• TASK: Look through the lines of the material and count those containing "intro". Give that count alone.

• EXTRACTED MATERIAL:
(* Let $\mathbb{K}=(G,M,I)$ be a formal context and $\mathcal{R}$ a closure system on $G$ with $\mathcal{R}\subseteq\operatorname{Ext}(\mathbb{K})$. Let $$\hat{\mathcal{R}}=\bigvee_{A\in\mathcal{M}(\operatorname{Ext}(\mathbb{K}))\setminus\mathcal{M}(\mathcal{R})}\{A,G\},$$ the join taken in the lattice ${\downarrow}\operatorname{Ext}(\mathbb{K})$. Then $\hat{\mathcal{R}}$ is the inclusion-minimum closure system in ${\downarrow}\operatorname{Ext}(\mathbb{K})$ satisfying $\mathcal{R}\vee\hat{\mathcal{R}}=\operatorname{Ext}(\mathbb{K})$.
   Context: A formal context is a triple $(G,M,I)$ with finite nonempty sets $G$, $M$ and $I\subseteq G\times M$; derivations $A'=\{m\mid\forall a\in A:(a,m)\in I\}$, $B'=\{g\mid\forall b\in B:(g,b)\in I\}$; $\operatorname{Ext}(\mathbb{K})=\{A\subseteq G\mid A''=A\}$. A closure system on $G$ is a family of subsets of $G$ containing $G$ and closed under intersections. ${\downarrow}\operatorname{Ext}(\mathbb{K})$ is the lattice of all closure systems on $G$ contained in $\operatorname{Ext}(\mathbb{K})$, ordered by inclusion; its join of a family is the smallest closure system on $G$ containing the union (an empty join is $\{G\}$). For a closure system $\mathcal{C}$ viewed as a lattice under inclusion, $\mathcal{M}(\mathcal{C})$ denotes its set of meet-irreducible elements ($x\neq\top$ and $x=\bigwedge Y$ implies $x\in Y$). *)

theory Defs
  imports Main
begin

definition formal_context :: "'g set \<Rightarrow> 'm set \<Rightarrow> ('g \<times> 'm) set \<Rightarrow> bool" where
  "formal_context G M I \<longleftrightarrow> finite G \<and> G \<noteq> {} \<and> finite M \<and> M \<noteq> {} \<and> I \<subseteq> G \<times> M"

definition obj_der :: "'m set \<Rightarrow> ('g \<times> 'm) set \<Rightarrow> 'g set \<Rightarrow> 'm set" where
  "obj_der M I A = {m \<in> M. \<forall>a\<in>A. (a, m) \<in> I}"

definition attr_der :: "'g set \<Rightarrow> ('g \<times> 'm) set \<Rightarrow> 'm set \<Rightarrow> 'g set" where
  "attr_der G I B = {g \<in> G. \<forall>b\<in>B. (g, b) \<in> I}"

definition Ext :: "'g set \<Rightarrow> 'm set \<Rightarrow> ('g \<times> 'm) set \<Rightarrow> 'g set set" where
  "Ext G M I = {A. A \<subseteq> G \<and> attr_der G I (obj_der M I A) = A}"

(* closure system on G: family of subsets of G containing G, closed under intersections
   (the intersection of the empty subfamily is taken to be G) *)
definition closure_system :: "'g set \<Rightarrow> 'g set set \<Rightarrow> bool" where
  "closure_system G C \<longleftrightarrow> C \<subseteq> Pow G \<and> G \<in> C \<and> (\<forall>S. S \<subseteq> C \<longrightarrow> G \<inter> \<Inter>S \<in> C)"

definition cs_join :: "'g set \<Rightarrow> 'g set set set \<Rightarrow> 'g set set" where
  "cs_join G F = \<Inter>{C. closure_system G C \<and> \<Union>F \<subseteq> C}"

definition meet_irr :: "'g set \<Rightarrow> 'g set set \<Rightarrow> 'g set set" where
  "meet_irr G C = {x \<in> C. x \<noteq> G \<and> (\<forall>Y. Y \<subseteq> C \<longrightarrow> x = G \<inter> \<Inter>Y \<longrightarrow> x \<in> Y)}"

end

theory Submission
  imports Defs
begin

text \<open>Over a finite ground set every member of a closure system is the intersection of the
  meet-irreducible members above it, so a closure system is contained in every closure system
  that contains its meet-irreducibles. An extent in \<open>R\<close> that is meet-irreducible in \<open>Ext\<close> is
  meet-irreducible in \<open>R\<close>; hence \<open>R\<close> together with the extents in \<open>\<M>(Ext) - \<M>(R)\<close> contains all
  of \<open>\<M>(Ext)\<close> and generates \<open>Ext\<close>. Conversely, a meet-irreducible member of a join is one of
  the generators, and the extents in \<open>\<M>(Ext) - \<M>(R)\<close> do not lie in \<open>R\<close> at all, so every
  \<open>S\<close> with \<open>R \<or> S = Ext\<close> contains them and therefore contains the system they generate.\<close>

lemma closure_system_Inter_closure:
  "closure_system G {G \<inter> \<Inter>T | T. T \<subseteq> X}"
  unfolding closure_system_def
proof (intro conjI allI impI)
  show "{G \<inter> \<Inter>T | T. T \<subseteq> X} \<subseteq> Pow G" by auto
  show "G \<in> {G \<inter> \<Inter>T | T. T \<subseteq> X}" by blast
next
  fix S assume "S \<subseteq> {G \<inter> \<Inter>T | T. T \<subseteq> X}"
  then have "\<forall>A\<in>S. \<exists>T. A = G \<inter> \<Inter>T \<and> T \<subseteq> X" by blast
  then obtain T where T: "\<And>A. A \<in> S \<Longrightarrow> A = G \<inter> \<Inter>(T A) \<and> T A \<subseteq> X"
    by metis
  have "G \<inter> \<Inter>S = G \<inter> \<Inter>(\<Union>A\<in>S. T A)"
  proof (intro equalityI subsetI)
    fix z assume z: "z \<in> G \<inter> \<Inter>(\<Union>A\<in>S. T A)"
    have "z \<in> A" if "A \<in> S" for A
      using z T[OF that] that by auto
    with z show "z \<in> G \<inter> \<Inter>S" by blast
  qed (use T in blast)
  moreover have "(\<Union>A\<in>S. T A) \<subseteq> X"
    using T by blast
  ultimately show "G \<inter> \<Inter>S \<in> {G \<inter> \<Inter>T | T. T \<subseteq> X}"
    by blast
qed

lemma cs_join_upper: "\<Union>F \<subseteq> cs_join G F"
  unfolding cs_join_def by blast

lemma cs_join_least:
  assumes "closure_system G C" and "\<Union>F \<subseteq> C"
  shows "cs_join G F \<subseteq> C"
  using assms unfolding cs_join_def by blast

lemma cs_join_eq_Inter_closure:
  assumes "\<Union>F \<subseteq> Pow G"
  shows "cs_join G F = {G \<inter> \<Inter>T | T. T \<subseteq> \<Union>F}"
proof
  have "\<Union>F \<subseteq> {G \<inter> \<Inter>T | T. T \<subseteq> \<Union>F}"
  proof
    fix A assume "A \<in> \<Union>F"
    moreover from this have "A = G \<inter> \<Inter>{A}"
      using assms by blast
    ultimately show "A \<in> {G \<inter> \<Inter>T | T. T \<subseteq> \<Union>F}"
      by blast
  qed
  then show "cs_join G F \<subseteq> {G \<inter> \<Inter>T | T. T \<subseteq> \<Union>F}"
    by (rule cs_join_least[OF closure_system_Inter_closure])
  show "{G \<inter> \<Inter>T | T. T \<subseteq> \<Union>F} \<subseteq> cs_join G F"
  proof
    fix A assume "A \<in> {G \<inter> \<Inter>T | T. T \<subseteq> \<Union>F}"
    then obtain T where "A = G \<inter> \<Inter>T" and "T \<subseteq> \<Union>F"
      by blast
    moreover have "G \<inter> \<Inter>T \<in> C" if "closure_system G C" and "\<Union>F \<subseteq> C" for C
      using that \<open>T \<subseteq> \<Union>F\<close> unfolding closure_system_def by (meson subset_trans)
    ultimately show "A \<in> cs_join G F"
      unfolding cs_join_def by auto
  qed
qed

lemma closure_system_cs_join:
  assumes "\<Union>F \<subseteq> Pow G"
  shows "closure_system G (cs_join G F)"
  unfolding cs_join_eq_Inter_closure[OF assms] by (rule closure_system_Inter_closure)

lemma meet_irr_cs_join_generators:
  assumes "\<Union>F \<subseteq> Pow G" and "A \<in> meet_irr G (cs_join G F)"
  shows "A \<in> \<Union>F"
proof -
  have irr: "\<And>Y. Y \<subseteq> cs_join G F \<Longrightarrow> A = G \<inter> \<Inter>Y \<Longrightarrow> A \<in> Y"
    and "A \<in> cs_join G F"
    using assms(2) unfolding meet_irr_def by blast+
  then obtain T where "A = G \<inter> \<Inter>T" and "T \<subseteq> \<Union>F"
    unfolding cs_join_eq_Inter_closure[OF assms(1)] by blast
  moreover from this have "T \<subseteq> cs_join G F"
    using cs_join_upper by blast
  ultimately show ?thesis
    using irr by blast
qed

lemma meet_irr_subset: "meet_irr G C \<subseteq> C"
  unfolding meet_irr_def by blast

lemma meet_irr_subsystem:
  assumes "R \<subseteq> C" and "A \<in> meet_irr G C" and "A \<in> R"
  shows "A \<in> meet_irr G R"
  using assms unfolding meet_irr_def by (simp add: subset_trans)

lemma closure_system_eq_Inter_meet_irr:
  assumes "finite G" and "closure_system G C" and "E \<in> C"
  shows "E = G \<inter> \<Inter>{A \<in> meet_irr G C. E \<subseteq> A}"
  using assms(3)
proof (induction "card (G - E)" arbitrary: E rule: less_induct)
  case less
  have "E \<subseteq> G"
    using assms(2) less.prems unfolding closure_system_def by blast
  have "G \<inter> \<Inter>{A \<in> meet_irr G C. E \<subseteq> A} \<subseteq> E"
  proof (cases "E = G \<or> E \<in> meet_irr G C")
    case False
    \<comment> \<open>then \<open>E\<close> is the meet of strictly larger closed sets, to which the induction hypothesis applies\<close>
    then obtain Y where Y: "Y \<subseteq> C" "E = G \<inter> \<Inter>Y" "E \<notin> Y"
      using less.prems unfolding meet_irr_def by blast
    have "G \<inter> \<Inter>{A \<in> meet_irr G C. E \<subseteq> A} \<subseteq> B" if "B \<in> Y" for B
    proof -
      have "B \<in> C" and "E \<subset> B"
        using Y that by blast+
      moreover have "B \<subseteq> G"
        using assms(2) \<open>B \<in> C\<close> unfolding closure_system_def by blast
      ultimately have "card (G - B) < card (G - E)"
        using assms(1) by (intro psubset_card_mono) auto
      then have B_eq: "B = G \<inter> \<Inter>{A \<in> meet_irr G C. B \<subseteq> A}"
        using less.hyps \<open>B \<in> C\<close> by blast
      have "G \<inter> \<Inter>{A \<in> meet_irr G C. E \<subseteq> A} \<subseteq> G \<inter> \<Inter>{A \<in> meet_irr G C. B \<subseteq> A}"
        using \<open>E \<subset> B\<close> by blast
      also have "\<dots> = B"
        by (rule B_eq[symmetric])
      finally show ?thesis .
    qed
    then have "G \<inter> \<Inter>{A \<in> meet_irr G C. E \<subseteq> A} \<subseteq> G \<inter> \<Inter>Y"
      by blast
    then show ?thesis
      unfolding Y(2)[symmetric] .
  qed auto
  moreover have "E \<subseteq> G \<inter> \<Inter>{A \<in> meet_irr G C. E \<subseteq> A}"
    using \<open>E \<subseteq> G\<close> by blast
  ultimately show ?case
    by (rule equalityI[rotated])
qed

lemma closure_system_subset_if_meet_irr_subset:
  assumes "finite G" and "closure_system G C" and "closure_system G K"
    and "meet_irr G C \<subseteq> K"
  shows "C \<subseteq> K"
proof
  fix E assume "E \<in> C"
  have "{A \<in> meet_irr G C. E \<subseteq> A} \<subseteq> K"
    using assms(4) by blast
  then have "G \<inter> \<Inter>{A \<in> meet_irr G C. E \<subseteq> A} \<in> K"
    using assms(3) unfolding closure_system_def by blast
  then show "E \<in> K"
    using closure_system_eq_Inter_meet_irr[OF assms(1,2) \<open>E \<in> C\<close>] by metis
qed

lemma closure_system_Ext: "closure_system G (Ext G M I)"
  unfolding closure_system_def
proof (intro conjI allI impI)
  show "Ext G M I \<subseteq> Pow G" and "G \<in> Ext G M I"
    unfolding Ext_def attr_der_def obj_der_def by auto
next
  fix S assume S: "S \<subseteq> Ext G M I"
  let ?X = "G \<inter> \<Inter>S"
  have "attr_der G I (obj_der M I ?X) \<subseteq> A" if "A \<in> S" for A
  proof -
    have "obj_der M I A \<subseteq> obj_der M I ?X"
      using that unfolding obj_der_def by auto
    then have "attr_der G I (obj_der M I ?X) \<subseteq> attr_der G I (obj_der M I A)"
      unfolding attr_der_def by auto
    also have "\<dots> = A"
      using S that unfolding Ext_def by blast
    finally show ?thesis .
  qed
  moreover have "?X \<subseteq> attr_der G I (obj_der M I ?X)"
    and "attr_der G I (obj_der M I ?X) \<subseteq> G"
    unfolding attr_der_def obj_der_def by auto
  ultimately show "?X \<in> Ext G M I"
    unfolding Ext_def by blast
qed

lemma cs_join_eq_if_meet_irr_subset:
  assumes "finite G" and "closure_system G C" and "\<Union>F \<subseteq> C" and "meet_irr G C \<subseteq> \<Union>F"
  shows "cs_join G F = C"
proof
  show "cs_join G F \<subseteq> C"
    using assms(2,3) by (rule cs_join_least)
  have "\<Union>F \<subseteq> Pow G"
    using assms(2,3) unfolding closure_system_def by blast
  then have "closure_system G (cs_join G F)"
    by (rule closure_system_cs_join)
  moreover have "meet_irr G C \<subseteq> cs_join G F"
    using assms(4) cs_join_upper by blast
  ultimately show "C \<subseteq> cs_join G F"
    by (rule closure_system_subset_if_meet_irr_subset[OF assms(1,2)])
qed

lemma meet_irr_diff_subset_if_cs_join_eq:
  assumes "closure_system G C" and "R \<subseteq> C" and "S \<subseteq> C" and "cs_join G {R, S} = C"
  shows "meet_irr G C - meet_irr G R \<subseteq> S"
proof
  fix A assume A: "A \<in> meet_irr G C - meet_irr G R"
  have "\<Union>{R, S} \<subseteq> Pow G"
    using assms(1-3) unfolding closure_system_def by blast
  then have "A \<in> R \<union> S"
    using A assms(4) meet_irr_cs_join_generators[of "{R, S}" G A] by auto
  moreover have "A \<notin> R"
    using A meet_irr_subsystem[OF assms(2), of A G] by blast
  ultimately show "A \<in> S"
    by blast
qed

lemma subset_cs_join_pairs: "D \<subseteq> cs_join G {{A, G} | A. A \<in> D}"
proof -
  have "D \<subseteq> \<Union>{{A, G} | A. A \<in> D}"
    by blast
  also have "\<dots> \<subseteq> cs_join G {{A, G} | A. A \<in> D}"
    by (rule cs_join_upper)
  finally show ?thesis .
qed

lemma cs_join_pairs_least:
  assumes "closure_system G C" and "D \<subseteq> C"
  shows "cs_join G {{A, G} | A. A \<in> D} \<subseteq> C"
proof (rule cs_join_least[OF assms(1)])
  have "G \<in> C"
    using assms(1) unfolding closure_system_def by blast
  with assms(2) show "\<Union>{{A, G} | A. A \<in> D} \<subseteq> C"
    by blast
qed

lemma closure_system_cs_join_pairs:
  assumes "D \<subseteq> Pow G"
  shows "closure_system G (cs_join G {{A, G} | A. A \<in> D})"
  using assms by (intro closure_system_cs_join) blast

theorem lemma2:
  fixes G :: "'g set" and M :: "'m set" and I :: "('g \<times> 'm) set"
    and R Rhat :: "'g set set"
  assumes "formal_context G M I"
    and "closure_system G R"
    and "R \<subseteq> Ext G M I"
    and "Rhat = cs_join G {{A, G} | A. A \<in> meet_irr G (Ext G M I) - meet_irr G R}"
  shows "closure_system G Rhat \<and> Rhat \<subseteq> Ext G M I \<and> cs_join G {R, Rhat} = Ext G M I
    \<and> (\<forall>S. closure_system G S \<and> S \<subseteq> Ext G M I \<and> cs_join G {R, S} = Ext G M I
           \<longrightarrow> Rhat \<subseteq> S)"
proof -
  let ?E = "Ext G M I" and ?D = "meet_irr G (Ext G M I) - meet_irr G R"
  have "finite G"
    using assms(1) unfolding formal_context_def by blast
  have E: "closure_system G ?E" "?E \<subseteq> Pow G"
    using closure_system_Ext unfolding closure_system_def by blast+
  have "?D \<subseteq> ?E"
    using meet_irr_subset by blast
  have Rhat_cs: "closure_system G Rhat"
    unfolding assms(4) using \<open>?D \<subseteq> ?E\<close> E(2) by (intro closure_system_cs_join_pairs) (rule subset_trans)
  have Rhat_Ext: "Rhat \<subseteq> ?E"
    unfolding assms(4) using E(1) \<open>?D \<subseteq> ?E\<close> by (rule cs_join_pairs_least)
  have "?D \<subseteq> Rhat"
    unfolding assms(4) by (rule subset_cs_join_pairs)
  with meet_irr_subset[of G R] have "meet_irr G ?E \<subseteq> \<Union>{R, Rhat}"
    by blast
  then have join: "cs_join G {R, Rhat} = ?E"
    by (rule cs_join_eq_if_meet_irr_subset[OF \<open>finite G\<close> E(1), rotated])
      (simp add: assms(3) Rhat_Ext)
  have least: "Rhat \<subseteq> S" if S: "closure_system G S" "S \<subseteq> ?E" "cs_join G {R, S} = ?E" for S
    unfolding assms(4)
    by (rule cs_join_pairs_least[OF S(1) meet_irr_diff_subset_if_cs_join_eq[OF E(1) assms(3) S(2,3)]])
  from Rhat_cs Rhat_Ext join least show ?thesis
    by blast
qed

end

• SOLUTION FOR THIS EXERCISE: 6